### What you have to do
From the data underneath, reproduce exactly the stretch that begins at the line with "using rseq_even[of 0]" and ends after the line with "(1 + fps_X *".

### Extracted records
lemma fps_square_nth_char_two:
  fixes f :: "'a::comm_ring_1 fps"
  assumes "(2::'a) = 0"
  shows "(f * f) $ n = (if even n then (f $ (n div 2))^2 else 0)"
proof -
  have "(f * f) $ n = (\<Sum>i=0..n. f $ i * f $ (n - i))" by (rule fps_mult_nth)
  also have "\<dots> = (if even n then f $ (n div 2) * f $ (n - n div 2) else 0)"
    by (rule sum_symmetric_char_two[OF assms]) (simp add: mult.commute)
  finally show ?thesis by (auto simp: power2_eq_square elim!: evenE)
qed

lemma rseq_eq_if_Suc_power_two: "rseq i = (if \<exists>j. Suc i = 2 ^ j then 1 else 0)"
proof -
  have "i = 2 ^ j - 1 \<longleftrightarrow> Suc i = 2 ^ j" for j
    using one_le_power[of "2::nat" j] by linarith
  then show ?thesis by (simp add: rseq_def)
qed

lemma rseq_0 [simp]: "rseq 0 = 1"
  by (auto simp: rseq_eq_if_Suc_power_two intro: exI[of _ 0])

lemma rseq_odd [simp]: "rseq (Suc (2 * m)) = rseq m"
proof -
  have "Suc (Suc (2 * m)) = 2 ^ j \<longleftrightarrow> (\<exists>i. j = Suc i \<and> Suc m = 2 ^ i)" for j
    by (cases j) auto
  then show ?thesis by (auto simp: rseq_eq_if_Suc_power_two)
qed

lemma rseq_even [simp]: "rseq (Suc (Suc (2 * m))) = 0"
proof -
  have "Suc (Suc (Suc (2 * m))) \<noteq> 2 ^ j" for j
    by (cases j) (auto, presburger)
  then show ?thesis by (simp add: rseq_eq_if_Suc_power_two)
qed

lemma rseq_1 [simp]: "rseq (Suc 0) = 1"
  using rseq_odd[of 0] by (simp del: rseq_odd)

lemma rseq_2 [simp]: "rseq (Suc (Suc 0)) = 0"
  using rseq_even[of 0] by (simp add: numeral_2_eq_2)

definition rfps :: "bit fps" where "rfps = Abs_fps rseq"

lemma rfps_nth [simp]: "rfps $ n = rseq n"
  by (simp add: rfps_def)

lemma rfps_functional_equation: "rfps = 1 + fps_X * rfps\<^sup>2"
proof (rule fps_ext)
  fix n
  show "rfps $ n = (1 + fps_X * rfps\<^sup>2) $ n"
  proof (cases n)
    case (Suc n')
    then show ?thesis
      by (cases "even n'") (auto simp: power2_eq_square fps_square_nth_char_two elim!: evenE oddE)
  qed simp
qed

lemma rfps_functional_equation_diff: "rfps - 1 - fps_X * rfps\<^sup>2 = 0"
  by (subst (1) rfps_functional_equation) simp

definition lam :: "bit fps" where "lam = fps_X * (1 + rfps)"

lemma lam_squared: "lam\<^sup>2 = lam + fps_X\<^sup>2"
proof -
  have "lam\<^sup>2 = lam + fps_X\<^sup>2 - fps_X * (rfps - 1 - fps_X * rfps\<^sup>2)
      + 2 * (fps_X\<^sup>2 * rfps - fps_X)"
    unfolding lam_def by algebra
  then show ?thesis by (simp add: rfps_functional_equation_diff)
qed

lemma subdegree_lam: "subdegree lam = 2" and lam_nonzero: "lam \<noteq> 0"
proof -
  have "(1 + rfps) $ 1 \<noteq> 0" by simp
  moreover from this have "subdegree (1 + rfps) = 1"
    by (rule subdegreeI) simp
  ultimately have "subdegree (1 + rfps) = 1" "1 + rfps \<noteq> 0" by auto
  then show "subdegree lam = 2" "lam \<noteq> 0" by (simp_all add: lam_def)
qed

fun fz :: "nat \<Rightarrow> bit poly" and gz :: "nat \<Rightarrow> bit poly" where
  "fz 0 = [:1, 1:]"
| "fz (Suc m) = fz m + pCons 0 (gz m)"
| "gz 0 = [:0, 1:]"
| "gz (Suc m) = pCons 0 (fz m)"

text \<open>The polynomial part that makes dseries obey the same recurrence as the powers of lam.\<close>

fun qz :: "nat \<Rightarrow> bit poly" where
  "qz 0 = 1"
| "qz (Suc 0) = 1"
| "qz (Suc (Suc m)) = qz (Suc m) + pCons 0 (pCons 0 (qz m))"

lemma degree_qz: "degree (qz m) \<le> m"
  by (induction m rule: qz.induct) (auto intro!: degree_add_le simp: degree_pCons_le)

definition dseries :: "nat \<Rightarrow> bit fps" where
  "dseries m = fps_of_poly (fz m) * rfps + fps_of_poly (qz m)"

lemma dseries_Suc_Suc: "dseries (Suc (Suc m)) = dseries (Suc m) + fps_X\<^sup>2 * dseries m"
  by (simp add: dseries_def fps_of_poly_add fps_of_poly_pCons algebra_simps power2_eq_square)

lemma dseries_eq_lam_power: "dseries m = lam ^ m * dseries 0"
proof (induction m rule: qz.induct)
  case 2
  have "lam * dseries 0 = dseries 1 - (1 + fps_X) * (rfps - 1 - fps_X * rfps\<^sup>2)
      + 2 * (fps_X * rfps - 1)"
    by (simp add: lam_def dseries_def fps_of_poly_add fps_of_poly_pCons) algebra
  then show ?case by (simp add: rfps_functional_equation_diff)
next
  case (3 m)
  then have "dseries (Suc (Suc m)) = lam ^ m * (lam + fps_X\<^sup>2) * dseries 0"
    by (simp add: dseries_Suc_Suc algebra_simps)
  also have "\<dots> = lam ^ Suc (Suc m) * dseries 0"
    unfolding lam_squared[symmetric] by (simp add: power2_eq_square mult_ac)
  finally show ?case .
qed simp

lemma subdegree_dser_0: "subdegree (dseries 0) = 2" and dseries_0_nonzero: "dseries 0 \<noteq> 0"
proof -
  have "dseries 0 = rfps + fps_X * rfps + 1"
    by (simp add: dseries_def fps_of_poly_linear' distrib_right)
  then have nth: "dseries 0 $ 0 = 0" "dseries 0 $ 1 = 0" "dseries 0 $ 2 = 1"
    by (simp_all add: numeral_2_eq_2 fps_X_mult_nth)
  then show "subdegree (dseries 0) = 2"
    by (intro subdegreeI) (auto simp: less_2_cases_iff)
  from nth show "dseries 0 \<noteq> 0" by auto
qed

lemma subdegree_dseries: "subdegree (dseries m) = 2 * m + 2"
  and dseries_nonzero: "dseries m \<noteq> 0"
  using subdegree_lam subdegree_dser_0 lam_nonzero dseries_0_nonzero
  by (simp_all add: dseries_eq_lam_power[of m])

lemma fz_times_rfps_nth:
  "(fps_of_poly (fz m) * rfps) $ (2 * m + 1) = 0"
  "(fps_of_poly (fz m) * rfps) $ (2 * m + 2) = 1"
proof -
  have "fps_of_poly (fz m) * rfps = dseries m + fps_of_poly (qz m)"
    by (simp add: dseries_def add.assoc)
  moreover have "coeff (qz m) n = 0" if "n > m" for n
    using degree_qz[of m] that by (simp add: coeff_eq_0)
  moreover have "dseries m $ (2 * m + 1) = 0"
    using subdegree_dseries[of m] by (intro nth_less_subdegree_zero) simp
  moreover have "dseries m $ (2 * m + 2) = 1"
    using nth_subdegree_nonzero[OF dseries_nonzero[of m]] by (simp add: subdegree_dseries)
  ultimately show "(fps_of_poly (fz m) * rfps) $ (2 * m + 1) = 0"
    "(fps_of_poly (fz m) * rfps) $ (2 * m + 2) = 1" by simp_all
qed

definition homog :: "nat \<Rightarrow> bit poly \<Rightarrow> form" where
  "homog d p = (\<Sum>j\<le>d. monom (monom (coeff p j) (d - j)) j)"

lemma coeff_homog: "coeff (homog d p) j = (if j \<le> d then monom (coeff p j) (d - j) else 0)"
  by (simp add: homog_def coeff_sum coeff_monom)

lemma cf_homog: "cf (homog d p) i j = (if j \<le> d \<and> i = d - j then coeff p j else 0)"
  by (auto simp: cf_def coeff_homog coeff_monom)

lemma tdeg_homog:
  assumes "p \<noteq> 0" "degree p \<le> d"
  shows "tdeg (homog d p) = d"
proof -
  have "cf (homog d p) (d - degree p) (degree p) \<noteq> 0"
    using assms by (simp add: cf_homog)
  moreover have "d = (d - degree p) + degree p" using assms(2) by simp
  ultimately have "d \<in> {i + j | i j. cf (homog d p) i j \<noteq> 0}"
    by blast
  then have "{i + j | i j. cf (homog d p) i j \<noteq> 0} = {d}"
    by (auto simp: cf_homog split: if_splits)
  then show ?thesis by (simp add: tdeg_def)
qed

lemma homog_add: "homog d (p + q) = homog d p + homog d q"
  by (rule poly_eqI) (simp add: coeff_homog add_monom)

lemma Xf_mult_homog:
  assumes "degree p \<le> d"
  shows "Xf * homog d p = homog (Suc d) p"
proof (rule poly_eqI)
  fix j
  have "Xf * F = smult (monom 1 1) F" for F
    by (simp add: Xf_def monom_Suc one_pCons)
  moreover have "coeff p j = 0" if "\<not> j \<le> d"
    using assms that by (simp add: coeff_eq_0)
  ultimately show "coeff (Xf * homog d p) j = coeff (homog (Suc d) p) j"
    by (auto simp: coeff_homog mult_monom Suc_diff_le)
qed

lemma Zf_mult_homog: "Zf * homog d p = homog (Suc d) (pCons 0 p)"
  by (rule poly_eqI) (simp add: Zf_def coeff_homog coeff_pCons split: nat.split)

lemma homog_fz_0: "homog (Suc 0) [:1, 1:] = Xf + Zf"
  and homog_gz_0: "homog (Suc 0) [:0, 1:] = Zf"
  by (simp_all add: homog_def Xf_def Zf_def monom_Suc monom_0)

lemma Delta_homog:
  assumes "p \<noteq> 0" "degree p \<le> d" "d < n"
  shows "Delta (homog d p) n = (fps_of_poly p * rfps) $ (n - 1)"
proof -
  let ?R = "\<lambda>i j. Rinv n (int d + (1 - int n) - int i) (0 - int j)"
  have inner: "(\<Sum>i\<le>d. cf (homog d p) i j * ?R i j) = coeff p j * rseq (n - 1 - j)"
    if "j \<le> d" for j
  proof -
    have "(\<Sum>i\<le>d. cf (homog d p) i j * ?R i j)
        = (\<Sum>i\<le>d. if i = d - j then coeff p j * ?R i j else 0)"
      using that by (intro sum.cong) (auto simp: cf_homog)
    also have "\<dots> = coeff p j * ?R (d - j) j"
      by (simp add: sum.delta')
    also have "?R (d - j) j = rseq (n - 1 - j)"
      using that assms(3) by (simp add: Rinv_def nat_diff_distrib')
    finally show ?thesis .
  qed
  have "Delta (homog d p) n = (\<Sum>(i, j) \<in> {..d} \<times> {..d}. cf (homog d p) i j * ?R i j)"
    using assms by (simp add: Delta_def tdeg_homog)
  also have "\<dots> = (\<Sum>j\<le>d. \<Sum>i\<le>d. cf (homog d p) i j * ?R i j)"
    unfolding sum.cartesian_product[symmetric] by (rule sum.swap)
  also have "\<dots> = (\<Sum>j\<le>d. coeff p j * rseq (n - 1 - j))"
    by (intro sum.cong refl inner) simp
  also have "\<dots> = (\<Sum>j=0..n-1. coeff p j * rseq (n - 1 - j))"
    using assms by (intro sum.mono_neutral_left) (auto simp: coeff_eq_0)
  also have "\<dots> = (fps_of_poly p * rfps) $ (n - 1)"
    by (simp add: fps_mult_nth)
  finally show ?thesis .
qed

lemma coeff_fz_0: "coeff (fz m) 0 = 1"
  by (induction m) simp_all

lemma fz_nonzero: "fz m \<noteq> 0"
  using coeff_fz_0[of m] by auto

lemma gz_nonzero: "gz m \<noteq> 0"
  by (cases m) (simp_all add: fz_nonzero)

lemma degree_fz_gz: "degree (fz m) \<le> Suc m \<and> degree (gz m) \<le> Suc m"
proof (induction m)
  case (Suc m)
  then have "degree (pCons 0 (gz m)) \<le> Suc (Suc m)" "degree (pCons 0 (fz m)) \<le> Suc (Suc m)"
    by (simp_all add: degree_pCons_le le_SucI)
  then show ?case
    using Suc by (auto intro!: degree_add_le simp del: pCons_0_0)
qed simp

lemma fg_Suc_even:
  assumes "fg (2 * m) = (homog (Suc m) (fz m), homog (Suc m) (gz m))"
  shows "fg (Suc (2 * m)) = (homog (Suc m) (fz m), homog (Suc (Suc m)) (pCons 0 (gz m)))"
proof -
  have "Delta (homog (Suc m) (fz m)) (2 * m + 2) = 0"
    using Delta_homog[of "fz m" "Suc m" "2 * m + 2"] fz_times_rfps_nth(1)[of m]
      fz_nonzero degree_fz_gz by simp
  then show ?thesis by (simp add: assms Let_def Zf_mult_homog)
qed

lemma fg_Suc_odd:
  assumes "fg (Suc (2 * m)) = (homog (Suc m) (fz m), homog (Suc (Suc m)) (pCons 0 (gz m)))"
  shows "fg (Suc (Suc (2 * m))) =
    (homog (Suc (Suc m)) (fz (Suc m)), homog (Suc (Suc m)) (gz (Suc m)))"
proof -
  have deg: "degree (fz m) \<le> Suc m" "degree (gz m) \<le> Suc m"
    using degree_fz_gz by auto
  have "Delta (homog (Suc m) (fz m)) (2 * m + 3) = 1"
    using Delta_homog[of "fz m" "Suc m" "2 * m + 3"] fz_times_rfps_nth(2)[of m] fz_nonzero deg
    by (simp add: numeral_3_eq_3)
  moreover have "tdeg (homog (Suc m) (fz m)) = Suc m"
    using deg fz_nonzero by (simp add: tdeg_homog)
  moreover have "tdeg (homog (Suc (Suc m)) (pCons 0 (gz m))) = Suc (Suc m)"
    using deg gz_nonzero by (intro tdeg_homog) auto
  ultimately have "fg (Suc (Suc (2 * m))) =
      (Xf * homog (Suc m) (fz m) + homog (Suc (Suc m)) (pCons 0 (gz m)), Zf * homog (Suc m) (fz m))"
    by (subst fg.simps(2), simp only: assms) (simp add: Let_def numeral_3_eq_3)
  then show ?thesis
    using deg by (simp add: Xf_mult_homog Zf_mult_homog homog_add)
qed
...
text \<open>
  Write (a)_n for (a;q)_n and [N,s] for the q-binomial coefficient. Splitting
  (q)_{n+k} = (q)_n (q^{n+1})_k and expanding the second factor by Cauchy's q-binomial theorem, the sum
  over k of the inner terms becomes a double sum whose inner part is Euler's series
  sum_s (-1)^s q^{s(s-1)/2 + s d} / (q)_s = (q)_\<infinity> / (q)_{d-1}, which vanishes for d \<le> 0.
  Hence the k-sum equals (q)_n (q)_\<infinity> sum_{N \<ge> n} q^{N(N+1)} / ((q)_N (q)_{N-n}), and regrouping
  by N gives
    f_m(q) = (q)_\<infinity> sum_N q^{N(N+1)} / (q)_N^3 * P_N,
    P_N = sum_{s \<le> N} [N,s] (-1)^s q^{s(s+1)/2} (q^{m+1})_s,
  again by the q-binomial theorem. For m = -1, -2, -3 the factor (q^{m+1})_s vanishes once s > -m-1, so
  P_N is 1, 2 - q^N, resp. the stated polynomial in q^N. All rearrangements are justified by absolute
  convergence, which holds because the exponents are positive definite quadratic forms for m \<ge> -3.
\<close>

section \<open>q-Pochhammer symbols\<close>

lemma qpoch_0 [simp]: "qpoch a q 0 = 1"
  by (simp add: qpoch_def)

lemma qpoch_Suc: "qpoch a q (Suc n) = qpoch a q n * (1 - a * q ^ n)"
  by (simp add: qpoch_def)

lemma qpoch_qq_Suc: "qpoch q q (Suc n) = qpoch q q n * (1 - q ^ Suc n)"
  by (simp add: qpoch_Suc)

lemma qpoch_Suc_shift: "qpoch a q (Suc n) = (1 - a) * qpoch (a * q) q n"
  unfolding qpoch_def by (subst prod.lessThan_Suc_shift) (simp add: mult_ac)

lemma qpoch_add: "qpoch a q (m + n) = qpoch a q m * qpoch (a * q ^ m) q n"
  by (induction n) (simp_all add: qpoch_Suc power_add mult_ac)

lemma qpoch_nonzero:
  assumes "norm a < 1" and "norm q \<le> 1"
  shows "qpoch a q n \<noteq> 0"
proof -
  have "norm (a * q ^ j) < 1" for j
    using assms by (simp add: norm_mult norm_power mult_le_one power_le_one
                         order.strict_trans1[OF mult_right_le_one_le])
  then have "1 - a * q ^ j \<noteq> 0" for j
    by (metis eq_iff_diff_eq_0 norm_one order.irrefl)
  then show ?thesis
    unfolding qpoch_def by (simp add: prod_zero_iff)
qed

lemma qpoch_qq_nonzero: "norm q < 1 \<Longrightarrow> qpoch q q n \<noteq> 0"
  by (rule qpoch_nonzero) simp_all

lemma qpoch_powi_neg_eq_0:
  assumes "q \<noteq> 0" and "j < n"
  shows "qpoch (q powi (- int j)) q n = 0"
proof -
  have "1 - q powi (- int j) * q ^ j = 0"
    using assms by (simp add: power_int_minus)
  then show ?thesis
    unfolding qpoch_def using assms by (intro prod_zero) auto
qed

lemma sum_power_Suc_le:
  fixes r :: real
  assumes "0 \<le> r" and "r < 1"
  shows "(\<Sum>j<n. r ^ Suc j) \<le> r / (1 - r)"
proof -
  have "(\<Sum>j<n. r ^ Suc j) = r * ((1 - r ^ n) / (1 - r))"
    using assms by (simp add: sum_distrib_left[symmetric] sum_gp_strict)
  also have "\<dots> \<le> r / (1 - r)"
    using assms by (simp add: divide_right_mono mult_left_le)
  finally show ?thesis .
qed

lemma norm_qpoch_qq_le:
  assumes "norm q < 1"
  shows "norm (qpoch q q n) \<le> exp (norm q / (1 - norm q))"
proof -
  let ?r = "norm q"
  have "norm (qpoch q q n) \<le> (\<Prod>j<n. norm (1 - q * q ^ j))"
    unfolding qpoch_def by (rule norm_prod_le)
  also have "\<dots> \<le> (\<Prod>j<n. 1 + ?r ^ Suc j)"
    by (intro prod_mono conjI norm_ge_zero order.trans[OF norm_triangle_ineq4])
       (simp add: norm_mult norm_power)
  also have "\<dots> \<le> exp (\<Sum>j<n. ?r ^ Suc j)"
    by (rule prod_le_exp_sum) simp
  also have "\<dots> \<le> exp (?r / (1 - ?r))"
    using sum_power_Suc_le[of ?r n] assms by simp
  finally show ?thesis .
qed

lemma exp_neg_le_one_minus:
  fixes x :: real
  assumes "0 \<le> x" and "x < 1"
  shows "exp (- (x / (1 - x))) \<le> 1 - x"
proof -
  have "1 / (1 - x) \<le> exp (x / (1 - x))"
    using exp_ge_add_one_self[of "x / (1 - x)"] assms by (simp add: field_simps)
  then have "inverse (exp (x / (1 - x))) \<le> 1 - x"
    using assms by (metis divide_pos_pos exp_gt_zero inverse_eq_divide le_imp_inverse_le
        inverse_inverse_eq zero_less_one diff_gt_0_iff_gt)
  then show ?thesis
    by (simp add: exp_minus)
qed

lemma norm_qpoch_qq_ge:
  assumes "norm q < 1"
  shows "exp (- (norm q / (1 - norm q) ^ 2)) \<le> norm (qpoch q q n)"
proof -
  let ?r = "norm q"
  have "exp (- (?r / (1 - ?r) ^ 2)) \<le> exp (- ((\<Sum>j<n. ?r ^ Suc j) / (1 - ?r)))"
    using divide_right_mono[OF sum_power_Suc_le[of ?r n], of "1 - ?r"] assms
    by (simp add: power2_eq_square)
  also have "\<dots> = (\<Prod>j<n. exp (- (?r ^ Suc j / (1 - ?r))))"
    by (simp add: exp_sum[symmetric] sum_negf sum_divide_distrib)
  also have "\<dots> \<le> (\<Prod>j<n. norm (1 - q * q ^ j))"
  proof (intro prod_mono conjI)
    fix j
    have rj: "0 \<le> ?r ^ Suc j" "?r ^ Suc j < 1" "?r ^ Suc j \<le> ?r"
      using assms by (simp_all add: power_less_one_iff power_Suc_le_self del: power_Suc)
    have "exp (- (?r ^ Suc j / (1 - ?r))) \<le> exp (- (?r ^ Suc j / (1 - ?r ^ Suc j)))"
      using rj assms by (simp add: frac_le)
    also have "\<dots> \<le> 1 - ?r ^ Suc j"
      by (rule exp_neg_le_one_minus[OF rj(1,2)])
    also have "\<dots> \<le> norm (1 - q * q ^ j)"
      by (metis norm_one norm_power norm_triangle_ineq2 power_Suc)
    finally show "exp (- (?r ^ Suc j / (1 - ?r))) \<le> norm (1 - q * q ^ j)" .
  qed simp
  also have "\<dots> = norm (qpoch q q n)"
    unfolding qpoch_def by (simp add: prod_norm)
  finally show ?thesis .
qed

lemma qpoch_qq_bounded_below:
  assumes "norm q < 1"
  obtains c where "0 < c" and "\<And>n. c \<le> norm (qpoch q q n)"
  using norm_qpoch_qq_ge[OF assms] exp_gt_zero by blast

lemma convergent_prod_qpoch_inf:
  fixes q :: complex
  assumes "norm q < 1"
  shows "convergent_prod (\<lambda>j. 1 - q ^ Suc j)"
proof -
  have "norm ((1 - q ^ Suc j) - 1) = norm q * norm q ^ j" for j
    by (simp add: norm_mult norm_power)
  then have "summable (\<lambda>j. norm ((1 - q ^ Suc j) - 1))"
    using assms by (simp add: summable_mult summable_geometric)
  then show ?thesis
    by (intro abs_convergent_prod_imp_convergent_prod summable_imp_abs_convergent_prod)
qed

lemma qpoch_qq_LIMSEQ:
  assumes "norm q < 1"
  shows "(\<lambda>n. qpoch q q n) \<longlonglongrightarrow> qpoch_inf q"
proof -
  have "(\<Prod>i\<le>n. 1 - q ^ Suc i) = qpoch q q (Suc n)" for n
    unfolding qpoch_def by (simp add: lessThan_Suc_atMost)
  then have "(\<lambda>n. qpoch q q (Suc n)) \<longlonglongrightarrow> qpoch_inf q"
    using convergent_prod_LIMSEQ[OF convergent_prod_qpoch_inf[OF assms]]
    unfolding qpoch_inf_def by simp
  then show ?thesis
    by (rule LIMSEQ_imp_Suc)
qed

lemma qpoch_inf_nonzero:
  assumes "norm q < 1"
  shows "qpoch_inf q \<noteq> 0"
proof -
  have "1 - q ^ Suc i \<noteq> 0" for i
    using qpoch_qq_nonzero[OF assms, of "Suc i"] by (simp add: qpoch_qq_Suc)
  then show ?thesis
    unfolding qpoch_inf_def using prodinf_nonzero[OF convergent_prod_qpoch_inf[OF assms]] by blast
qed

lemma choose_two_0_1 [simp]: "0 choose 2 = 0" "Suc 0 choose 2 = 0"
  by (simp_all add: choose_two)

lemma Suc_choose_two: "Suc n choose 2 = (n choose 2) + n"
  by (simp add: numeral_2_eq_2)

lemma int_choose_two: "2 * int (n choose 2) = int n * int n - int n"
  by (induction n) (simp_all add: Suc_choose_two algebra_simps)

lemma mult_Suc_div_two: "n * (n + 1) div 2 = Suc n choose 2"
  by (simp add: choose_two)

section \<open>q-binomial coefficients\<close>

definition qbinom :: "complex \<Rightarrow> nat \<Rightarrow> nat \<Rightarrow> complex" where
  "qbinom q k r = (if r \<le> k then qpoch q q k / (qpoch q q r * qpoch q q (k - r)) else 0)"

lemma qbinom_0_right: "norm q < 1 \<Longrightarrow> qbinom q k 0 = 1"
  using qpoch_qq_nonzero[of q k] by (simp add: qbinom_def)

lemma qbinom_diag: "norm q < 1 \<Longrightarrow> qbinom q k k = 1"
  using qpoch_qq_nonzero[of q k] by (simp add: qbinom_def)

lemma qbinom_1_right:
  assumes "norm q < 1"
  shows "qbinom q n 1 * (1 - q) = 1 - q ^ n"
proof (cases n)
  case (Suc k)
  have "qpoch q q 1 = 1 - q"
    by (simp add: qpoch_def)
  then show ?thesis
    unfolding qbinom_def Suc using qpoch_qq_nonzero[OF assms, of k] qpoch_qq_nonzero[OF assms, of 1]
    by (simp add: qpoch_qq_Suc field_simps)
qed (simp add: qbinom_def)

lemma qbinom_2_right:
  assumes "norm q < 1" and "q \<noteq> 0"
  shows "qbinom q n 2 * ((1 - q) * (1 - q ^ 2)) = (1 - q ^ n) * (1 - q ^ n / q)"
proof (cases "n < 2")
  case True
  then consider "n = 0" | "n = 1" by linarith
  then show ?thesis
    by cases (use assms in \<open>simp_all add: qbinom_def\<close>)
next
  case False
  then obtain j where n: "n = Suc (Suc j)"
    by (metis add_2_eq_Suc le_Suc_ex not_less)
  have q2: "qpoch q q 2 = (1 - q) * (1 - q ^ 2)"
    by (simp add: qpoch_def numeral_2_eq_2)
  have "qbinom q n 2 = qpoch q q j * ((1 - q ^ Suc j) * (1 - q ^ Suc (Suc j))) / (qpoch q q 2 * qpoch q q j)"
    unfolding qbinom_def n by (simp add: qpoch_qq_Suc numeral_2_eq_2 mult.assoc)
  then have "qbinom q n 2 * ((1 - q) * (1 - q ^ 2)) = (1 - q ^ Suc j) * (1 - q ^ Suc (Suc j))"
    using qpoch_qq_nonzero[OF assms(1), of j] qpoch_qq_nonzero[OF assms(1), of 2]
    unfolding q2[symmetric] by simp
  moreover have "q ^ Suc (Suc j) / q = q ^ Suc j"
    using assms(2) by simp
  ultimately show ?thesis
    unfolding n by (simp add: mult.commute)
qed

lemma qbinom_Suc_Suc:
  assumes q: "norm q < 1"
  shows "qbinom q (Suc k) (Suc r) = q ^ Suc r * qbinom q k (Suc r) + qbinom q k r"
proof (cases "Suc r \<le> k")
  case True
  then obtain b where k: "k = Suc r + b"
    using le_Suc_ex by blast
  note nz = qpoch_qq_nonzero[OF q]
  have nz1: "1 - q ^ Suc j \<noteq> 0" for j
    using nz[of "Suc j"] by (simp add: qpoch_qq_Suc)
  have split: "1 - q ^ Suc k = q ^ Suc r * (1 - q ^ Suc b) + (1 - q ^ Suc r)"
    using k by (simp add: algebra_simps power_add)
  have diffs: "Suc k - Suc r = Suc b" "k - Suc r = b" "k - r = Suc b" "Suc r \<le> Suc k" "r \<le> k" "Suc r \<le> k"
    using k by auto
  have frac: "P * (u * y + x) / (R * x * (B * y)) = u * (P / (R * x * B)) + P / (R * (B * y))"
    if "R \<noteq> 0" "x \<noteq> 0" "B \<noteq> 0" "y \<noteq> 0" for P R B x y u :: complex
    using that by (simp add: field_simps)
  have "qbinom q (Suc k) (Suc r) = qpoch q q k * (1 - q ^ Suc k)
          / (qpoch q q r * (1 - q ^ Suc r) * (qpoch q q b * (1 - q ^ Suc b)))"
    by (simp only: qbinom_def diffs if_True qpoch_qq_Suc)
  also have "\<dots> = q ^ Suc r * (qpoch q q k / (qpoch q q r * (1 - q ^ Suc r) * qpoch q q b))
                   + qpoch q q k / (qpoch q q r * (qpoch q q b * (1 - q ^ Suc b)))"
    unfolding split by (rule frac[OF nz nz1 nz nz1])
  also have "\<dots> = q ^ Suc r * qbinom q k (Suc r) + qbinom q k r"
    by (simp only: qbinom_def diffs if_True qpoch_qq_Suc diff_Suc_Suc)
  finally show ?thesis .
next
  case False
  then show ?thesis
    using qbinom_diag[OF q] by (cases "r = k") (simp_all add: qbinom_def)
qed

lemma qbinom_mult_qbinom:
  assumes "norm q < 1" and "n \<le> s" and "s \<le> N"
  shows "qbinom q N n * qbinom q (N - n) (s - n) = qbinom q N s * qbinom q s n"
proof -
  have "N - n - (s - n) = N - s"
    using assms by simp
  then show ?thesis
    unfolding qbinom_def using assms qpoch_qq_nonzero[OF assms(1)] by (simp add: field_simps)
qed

### Written solution
  using rseq_even[of 0] by (simp add: numeral_2_eq_2)

definition rfps :: "bit fps" where "rfps = Abs_fps rseq"

lemma rfps_nth [simp]: "rfps $ n = rseq n"
  by (simp add: rfps_def)

lemma rfps_functional_equation: "rfps = 1 + fps_X * rfps\<^sup>2"
proof (rule fps_ext)
  fix n
  show "rfps $ n = (1 + fps_X * rfps\<^sup>2) $ n"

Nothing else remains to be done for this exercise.